PORTO ALEGRE, RS (FOLHAPRESS) – Casas destruídas ou arrancadas, carros virados, lama, animais mortos e até invasão de areia. Esse é o cenário que começa a aparecer com a redução do nível da enchente na região das ilhas de Porto Alegre, que fica próxima ao município de Eldorado do Sul, também devastado pelas inundações deste mês.
“Perdi tudo”, lamenta o gari Marcos Reni Azevedo da Silva, 53, ao falar sobre o impacto da catástrofe climática. “A água veio suja, contaminada. Estamos tentando salvar a geladeira, mas do resto de casa a gente tem de correr atrás de novo”, diz ele, com os olhos marejados.
Silva vive na ilha da Pintada, que compõe o bairro Arquipélago, pertencente à capital gaúcha. A região foi inundada pela cheia do rio Jacuí e do lago Guaíba, que se conectam.
Na manhã desta quarta-feira (29), famílias se deslocavam em caminhonetes para a ilha da Pintada por meio de uma rua de Eldorado do Sul que dá acesso ao local. Carros de passeio, porém, ainda enfrentavam dificuldades porque um alagamento se formou com o vento em um trecho da via.
O músico Leandro Ferreira, 55, pretendia ir até a ilha para buscar algumas roupas de inverno que ficaram intactas na casa da sogra. As peças resistiram à enchente porque estavam em um espaço mais alto quando a inundação alcançou o endereço neste mês.
“A casa ficou virada em um nada”, define.
Ferreira foi criado na ilha da Pintada e vive atualmente no município de Mariana Pimentel (a 80 km de Porto Alegre). Ele relata que, além da sogra, dois irmãos e seu filho também tiveram as residências afetadas pela enchente na ilha da Pintada.

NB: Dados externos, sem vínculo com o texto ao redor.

text \<open>Truncated subtraction makes 2 * (Suc i - length Z) vanish, i.e. sends the i-th mode to *,
  exactly on the positions of Z.\<close>

lemma realizes_zero_strides_append_chain:
  assumes Z: "\<forall>x\<in>set Z. snd x = 0"
    and N: "\<forall>x\<in>set N. 0 < fst x \<and> 0 < snd x" and chain: "successively mode_dvd N"
  shows "realizes (chain_tuple 1 N) (\<lambda>i. 2 * (Suc i - length Z)) (Z @ N)"
proof -
  let ?t = "chain_tuple 1 N" and ?\<beta> = "\<lambda>i. 2 * (Suc i - length Z)"
  have chain1: "successively mode_dvd ((1, 1) # N)"
    using chain by (cases N) (simp_all add: mode_dvd_def)
  have mode: "?\<beta> i \<le> length ?t \<and> (?\<beta> i \<noteq> 0 \<longrightarrow> fst ((Z @ N) ! i) = ?t ! (?\<beta> i - 1)) \<and>
      snd ((Z @ N) ! i) = stride ?t (?\<beta> i)" if i: "i < length (Z @ N)" for i
  proof (cases "i < length Z")
    case True
    then show ?thesis
      using Z by (simp add: stride_def nth_append)
  next
    case False
    define k where "k = i - length Z"
    have k: "k < length N" "(Z @ N) ! i = N ! k" "?\<beta> i = 2 * k + 2"
      using i False unfolding k_def by (auto simp: nth_append)
    have "prod_list (take (2 * k + 1) ?t) = snd (N ! k)"
      using prod_list_take_chain_tuple[OF chain1 k(1)] by simp
    then show ?thesis
      using k chain_tuple_nth_odd[OF k(1), of 1] by (simp add: stride_def)
  qed
  have "pos_tuple ?t"
    using chain1 N by (rule pos_tuple_chain_tuple)
  then show ?thesis
    unfolding realizes_def using mode by auto
qed

lemma encodable_if_tractable:
  assumes "pos_tuple S" and "tractable S D"
  shows "encodable (zip S D)"
proof -
  define M where "M = sort_layout S D"
  define Z where "Z = takeWhile (\<lambda>x. snd x = 0) M"
  define N where "N = dropWhile (\<lambda>x. snd x = 0) M"
  have M: "M = Z @ N"
    unfolding Z_def N_def by simp
  have mset: "mset M = mset (zip S D)"
    unfolding M_def sort_layout_eq_sort_key_swap by simp
  have fst_pos: "0 < fst x" if "x \<in> set M" for x
  proof -
    have "fst x \<in> set S"
      using that mset_eq_setD[OF mset] by (metis prod.collapse set_zip_leftD)
    with assms(1) show ?thesis
      by (simp add: pos_tuple_def)
  qed
  have snd_N_pos: "0 < snd x" if "x \<in> set N" for x
    using sorted_snd_sort_layout that unfolding N_def M_def by (rule snd_pos_if_in_dropWhile_zero)
  have "successively (\<lambda>x y. snd x = 0 \<or> mode_dvd x y) N"
    using assms(2) unfolding tractable_iff_successively M_def[symmetric] M
    by (simp add: successively_append_iff)
  then have "successively mode_dvd N"
    by (rule successively_mono) (auto dest: snd_N_pos)
  moreover have "\<forall>x\<in>set Z. snd x = 0"
    unfolding Z_def by (auto dest: set_takeWhileD)
  moreover have "\<forall>x\<in>set N. 0 < fst x \<and> 0 < snd x"
    using fst_pos snd_N_pos unfolding M by simp
  ultimately have "realizes (chain_tuple 1 N) (\<lambda>i. 2 * (Suc i - length Z)) M"
    unfolding M by (intro realizes_zero_strides_append_chain)
  moreover have "pos_tuple (map fst M)"
    using fst_pos by (auto simp: pos_tuple_def)
  ultimately have "encodable M"
    unfolding encodable_def by blast
  then show ?thesis
    using mset[symmetric] by (rule encodable_perm)
qed

theorem mainTheorem8:
  fixes S D :: "nat list"
  assumes "flat_layout S D"
  shows "(\<exists>s t \<alpha>. tuple_morphism s t \<alpha> \<and> encoded_layout s t \<alpha> = (S, D)) \<longleftrightarrow> tractable S D"
proof -
  have "pos_tuple S" and "length S = length D"
    using assms by (simp_all add: flat_layout_def)
  then show ?thesis
    unfolding ex_tuple_morphism_iff_encodable[OF \<open>length S = length D\<close>]
    using tractable_if_encodable encodable_if_tractable by blast
qed

end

“O cenário é de destruição total. Tem muitos animais mortos, banco de areia de quase dois metros de altura dentro do que a gente chama de vilinha da ilha. Muita tristeza”, afirma o motorista Gabriel Kurowsky, 55. Ele trabalha na região da ilha da Pintada.
Um dos locais atingidos pela areia foi a colônia de pescadores Z-5, que fica na mesma comunidade. “Já chegou areia em outras enchentes, mas não nesse nível”, diz o presidente da associação, Gilmar Coelho, 52.
Ele também teve a casa inundada. “A água deu na janela”, conta.
Apesar dos estragos, Coelho não planeja deixar a ilha da Pintada, onde mora desde criança. Segundo ele, a colônia está buscando medidas de auxílio para os pescadores locais, incluindo doações de alimentos.
“Não pretendo sair. O morador daqui volta, não vai embora.”
A região das ilhas de Porto Alegre fica localizada no delta do rio Jacuí e, historicamente, costuma ser afetada por enchentes.
A questão é que a cheia atual foi mais intensa, aponta o professor Rodrigo Paiva, do IPH (Instituto de Pesquisas Hidráulicas) da UFRGS (Universidade Federal do Rio Grande do Sul).
“O nível foi muito superior e, então, cobriu uma parte muito grande das ilhas”, afirma.
Conforme o especialista, a invasão de areia que chamou atenção na ilha da Pintada é resultado da produção de sedimentos devido a um processo de erosão.
Esses sedimentos são carregados pela água ao longo do curso dos rios, algo que costuma ocorrer em diferentes cheias.
O ponto é que, como a enchente atual foi maior, o volume de areia movimentado também aumentou, indica Paiva. As ilhas funcionaram como uma espécie de depósito.
“Esses processos acontecem sempre, nas cheias menores também. Agora, quando temos um evento [enchente] maior, todas as proporções são maiores”, ressalta o professor.
Outro reflexo da enchente é visto ao longo da BR-116, que conecta Porto Alegre a Eldorado do Sul. No trecho da rodovia que passa pela região das ilhas, diversas famílias estão acampadas em barracas.
O improviso é o que restou para quem ainda está afastado de casa, quase um mês após o início da crise na capital gaúcha.
O pescador Vitor Vieira de Freitas, 50, faz parte da população que recorreu a barracas para se proteger da chuva e do frio nas últimas semanas -a temperatura estava próxima de 12ºC na manhã desta quarta.
A enchente chegou quase ao telhado de sua casa neste mês. Com a baixa do nível de água na região de Eldorado do Sul que dá acesso à ilha da Pintada, ele e a esposa tentavam organizar a residência nesta quarta. Freitas conseguia acessar o endereço com a água cobrindo suas pernas na rua.
“Estou jogando as coisas fora. Se restar algo dentro de casa, vai ser o fogão ou um sofá”, afirma.
“Se tiver alguém que puder ajudar com móvel ou alguma coisa assim, a gente aceita e agradece. Mas agora é hora de limpar e jogar as coisas que molharam para a rua. Não tem mais o que fazer. É levantar a cabeça e ir à luta de novo”, completa o pescador, que usava um boné com a palavra “fé”.